The beauty of my hometown lies not only in its simple folk customs. Still on both sides of the verdant Qianhe River. On the hilly hills, under the pine trees, there are endless pine mushrooms and thatch mushrooms. There are also various unnamed sour fruits, grass roots, and sweet leaves. When the azaleas bloomed, the children ran wild all over the mountains and plains! I can also forget the grayness of the night in the joy of sunshine during the day. Now that I think about it, what precious memories they are! Such pure and natural love, love so naked, makes some social reality feel so embarrassing!

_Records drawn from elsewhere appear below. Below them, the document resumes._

lemma primrec_nat_power2: "primrec_nat f \<Longrightarrow> primrec_nat (\<lambda>n. 2 ^ f n)"
  using primrec_nat_comp[of "\<lambda>n. 2 ^ n" f] PRIMREC_power2
  unfolding primrec_nat_def hd0_def by simp

lemma primrec_nat_Suc: "primrec_nat f \<Longrightarrow> primrec_nat (\<lambda>n. Suc (f n))"
  using primrec_nat_comp[of Suc f] SC unfolding primrec_nat_def by simp

lemmas primrec_nat_intros = primrec_nat_id primrec_nat_const primrec_nat_add primrec_nat_mult
  primrec_nat_diff primrec_nat_div primrec_nat_mod primrec_nat_power2 primrec_nat_Suc

lemma primrec_int_comp: "primrec_int f \<Longrightarrow> primrec_nat g \<Longrightarrow> primrec_int (\<lambda>n. f (g n))"
  unfolding primrec_int_def by (rule primrec_nat_comp)

text \<open>\<open>int_encode i\<close> is \<open>2 i\<close> for \<open>i \<ge> 0\<close> and \<open>-2 i - 1\<close> for \<open>i < 0\<close>.\<close>

lemma int_encode_diff: "int_encode (int a - int b) = 2 * (a - b) + (2 * (b - a) - 1)"
  by (cases "a \<le> b") (auto simp: int_encode_def sum_encode_def nat_diff_distrib)

lemma primrec_int_diff:
  "primrec_nat f \<Longrightarrow> primrec_nat g \<Longrightarrow> primrec_int (\<lambda>n. int (f n) - int (g n))"
  unfolding primrec_int_def int_encode_diff by (intro primrec_nat_intros)

lemma nat_add_eq_int_encode:
  assumes "0 \<le> i + int g"
  shows "nat (i + int g) = (g + int_encode i div 2) - int_encode i mod 2 * int_encode i"
  using assms by (auto simp: int_encode_def sum_encode_def)

lemma primrec_nat_nat_add:
  assumes "primrec_int f" and "primrec_nat g" and "\<And>n. 0 \<le> f n + int (g n)"
  shows "primrec_nat (\<lambda>n. nat (f n + int (g n)))"
proof -
  have "primrec_nat (\<lambda>n. int_encode (f n))" using assms(1) unfolding primrec_int_def .
  then show ?thesis
    unfolding nat_add_eq_int_encode[OF assms(3)] by (intro primrec_nat_intros assms(2))
qed

lemma primrec_nat_nat:
  assumes "primrec_int f" and "\<And>n. 0 \<le> f n"
  shows "primrec_nat (\<lambda>n. nat (f n))"
  using primrec_nat_nat_add[OF assms(1) primrec_nat_const, of 0] assms(2) by simp

section \<open>Dyadic approximation of the limit\<close>

lemma Cauchy_modulus_limit:
  fixes q :: "nat \<Rightarrow> real"
  assumes modulus: "\<And>e i j. C e \<le> i \<Longrightarrow> C e \<le> j \<Longrightarrow> \<bar>q i - q j\<bar> < 1 / 2 ^ e"
  obtains x where "q \<longlonglongrightarrow> x" and "\<And>e i. C e \<le> i \<Longrightarrow> \<bar>q i - x\<bar> \<le> 1 / 2 ^ e"
proof -
  have "Cauchy q"
  proof (rule metric_CauchyI)
    fix r :: real assume "0 < r"
    then obtain e where e: "(1/2) ^ e < r" using real_arch_pow_inv[of r "1/2"] by auto
    have "dist (q i) (q j) < r" if "C e \<le> i" "C e \<le> j" for i j
      using modulus[OF that] e by (simp add: dist_real_def power_one_over)
    then show "\<exists>M. \<forall>i\<ge>M. \<forall>j\<ge>M. dist (q i) (q j) < r" by blast
  qed
  then obtain x where lim: "q \<longlonglongrightarrow> x" using Cauchy_convergent_iff convergent_def by blast
  have "\<bar>q i - x\<bar> \<le> 1 / 2 ^ e" if "C e \<le> i" for e i
  proof (rule LIMSEQ_le_const2)
    show "(\<lambda>j. \<bar>q i - q j\<bar>) \<longlonglongrightarrow> \<bar>q i - x\<bar>" by (intro tendsto_intros lim)
    show "\<exists>N. \<forall>j\<ge>N. \<bar>q i - q j\<bar> \<le> 1 / 2 ^ e"
      using modulus[OF that] by (intro exI[of _ "C e"]) (auto intro: less_imp_le)
  qed
  with lim show thesis by (rule that)
qed

lemma shifted_numerator_nonneg:
  fixes a b :: int and x :: real
  assumes "0 < b" and "\<bar>a / b - x\<bar> \<le> 1" and "\<bar>x\<bar> + 1 \<le> real M"
  shows "0 \<le> a + int M * b"
proof -
  have "- real M \<le> a / b" using assms(2,3) by linarith
  then have "real_of_int (- (int M * b)) \<le> real_of_int a"
    using assms(1) by (simp add: pos_le_divide_eq)
  then show ?thesis unfolding of_int_le_iff by linarith
qed

lemma round_div_approx:
  fixes a b :: nat
  assumes "0 < b"
  shows "\<bar>real ((2 * a + b) div (2 * b)) - real a / real b\<bar> \<le> 1/2"
proof -
  define d where "d = (2 * a + b) div (2 * b)"
  have "d * (2 * b) \<le> 2 * a + b" and "2 * a + b < 2 * b + d * (2 * b)"
    unfolding d_def using assms by (simp_all add: dividend_less_div_times)
  then have "real (d * (2 * b)) \<le> real (2 * a + b)"
    and "real (2 * a + b) < real (2 * b + d * (2 * b))"
    by (simp_all only: of_nat_le_iff of_nat_less_iff)
  then show ?thesis
    unfolding d_def[symmetric] abs_le_iff using assms by (simp add: field_simps)
qed

lemma primrec_dyadic_approximation:
  fixes A B :: "nat \<Rightarrow> int" and C :: "nat \<Rightarrow> nat" and x :: real
  assumes "primrec_int A" and "primrec_int B" and B_pos: "\<And>n. 0 < B n" and "primrec_nat C"
    and close: "\<And>e i. C e \<le> i \<Longrightarrow> \<bar>A i / B i - x\<bar> \<le> 1 / 2 ^ e"
  obtains D :: "nat \<Rightarrow> nat" and M :: nat
  where "primrec_nat D" and "\<And>k. \<bar>real (D k) - 2 ^ k * (x + real M)\<bar> \<le> 5/8"
proof -
  define M where "M = nat \<lceil>\<bar>x\<bar>\<rceil> + 1"
  define m where "m k = C (k + 3)" for k
  define b where "b k = nat (B (m k))" for k
  define N where "N k = nat (A (m k) + int (M * b k))" for k
  define D where "D k = (2 * (2 ^ k * N k) + b k) div (2 * b k)" for k
  have close_m: "\<bar>A (m k) / B (m k) - x\<bar> \<le> 1 / 2 ^ (k + 3)" for k
    unfolding m_def by (rule close) simp
  have B_nonneg: "0 \<le> B n" for n using B_pos[of n] by simp
  have b: "int (b k) = B (m k)" for k using B_pos[of "m k"] by (simp add: b_def)
  have N_nonneg: "0 \<le> A (m k) + int (M * b k)" for k
  proof -
    have "\<bar>A (m k) / B (m k) - x\<bar> \<le> 1"
      using close_m[of k] by (rule order_trans) simp
    moreover have "\<bar>x\<bar> + 1 \<le> real M" unfolding M_def by linarith
    ultimately show ?thesis using shifted_numerator_nonneg B_pos b by simp
  qed
  have "primrec_nat m" unfolding m_def by (intro primrec_nat_comp[OF \<open>primrec_nat C\<close>] primrec_nat_intros)
  have "primrec_nat b"
    unfolding b_def by (rule primrec_nat_nat[OF primrec_int_comp[OF \<open>primrec_int B\<close> \<open>primrec_nat m\<close>] B_nonneg])
  have "primrec_nat N"
    unfolding N_def using N_nonneg
    by (intro primrec_nat_nat_add primrec_int_comp[OF \<open>primrec_int A\<close> \<open>primrec_nat m\<close>]
        primrec_nat_mult[OF primrec_nat_const \<open>primrec_nat b\<close>])
  have "primrec_nat D"
    unfolding D_def using \<open>primrec_nat N\<close> \<open>primrec_nat b\<close> by (intro primrec_nat_intros)
  moreover have "\<bar>real (D k) - 2 ^ k * (x + real M)\<bar> \<le> 5/8" for k
  proof -
    define q where "q = A (m k) / B (m k)"
    have "0 < b k" using B_pos[of "m k"] by (simp add: b_def)
    have "int (N k) = A (m k) + int M * B (m k)" using N_nonneg[of k] b[of k] by (simp add: N_def)
    then have "real (N k) = A (m k) + real M * B (m k)"
      by (metis of_int_add of_int_mult of_int_of_nat_eq)
    moreover have "real (b k) = B (m k)" using b[of k] by (metis of_int_of_nat_eq)
    ultimately have scaled: "real (2 ^ k * N k) / real (b k) = 2 ^ k * q + 2 ^ k * real M"
      using \<open>0 < b k\<close> by (simp add: q_def field_simps)
    have rounding: "\<bar>real (D k) - real (2 ^ k * N k) / real (b k)\<bar> \<le> 1/2"
      unfolding D_def using \<open>0 < b k\<close> by (rule round_div_approx)
    have "2 ^ k * \<bar>q - x\<bar> \<le> 1/8"
      using mult_left_mono[OF close_m[of k], of "2 ^ k"] unfolding q_def by (simp add: power_add)
    then have "\<bar>2 ^ k * q - 2 ^ k * x\<bar> \<le> 1/8" by (simp add: abs_mult flip: right_diff_distrib)
    with scaled rounding show ?thesis unfolding abs_le_iff distrib_left by linarith
  qed
  ultimately show thesis by (rule that)
qed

It has been several years since I went back to Qianhe, not because of Twilight’s childhood. But if I go back, there will be no place for me to stay. Dad, grandma, and brother passed away one after another. It was no less devastating than my twilight childhood; many elders who had cared for me during my childhood had either moved to counties, cities or better places. Either return to the earth and complete the great transformation of life. Even among the remaining young people, most of them have jumped out of the Qianhe River and have gone into deeper yearning. Now if I go there again, I'm afraid it will be like "children who don't recognize each other and laugh and ask where the guests are from."

But I always pay attention to Qianhe Cradle, which is in my dreams. I know: without my hometown, there would be no me. No matter whether I am living a good or bad life today, my hometown has given birth to me with her great love, as well as the generations of descendants of the folks on both sides of the Qianhe River.

A few years ago, I heard that the Tianzhu Mountain Tourism Bureau in my hometown has joined forces with the Shuihou Tourism Bureau, the Anqing Municipal Tourism Bureau and nearby villagers to develop the Qianhe River in a standardized way according to local conditions. Qianhe, where children used to play and play in the waves, has been renovated time and time again, and now it has become a national five-star tourist attraction along the coast such as Baimatan Rafting and Shuihou Rafting, which are recommended by CCTV Travel Channel. Stand on an original bamboo raft and experience the magical shock of "emptying the turbid waves", youth football and volleyball on the golden beach under the sun, and the bonfire party with thousands of people, which attracts many Chinese and foreign tourists.

I jumped up with joy! I straighten my stalwart backbone in Qianhe River and shout to the world:

Do you want to experience the first drift of the famous Tianzhu White Horse at home and abroad? Please come to Qianhe River in Tianzhu, Anhui!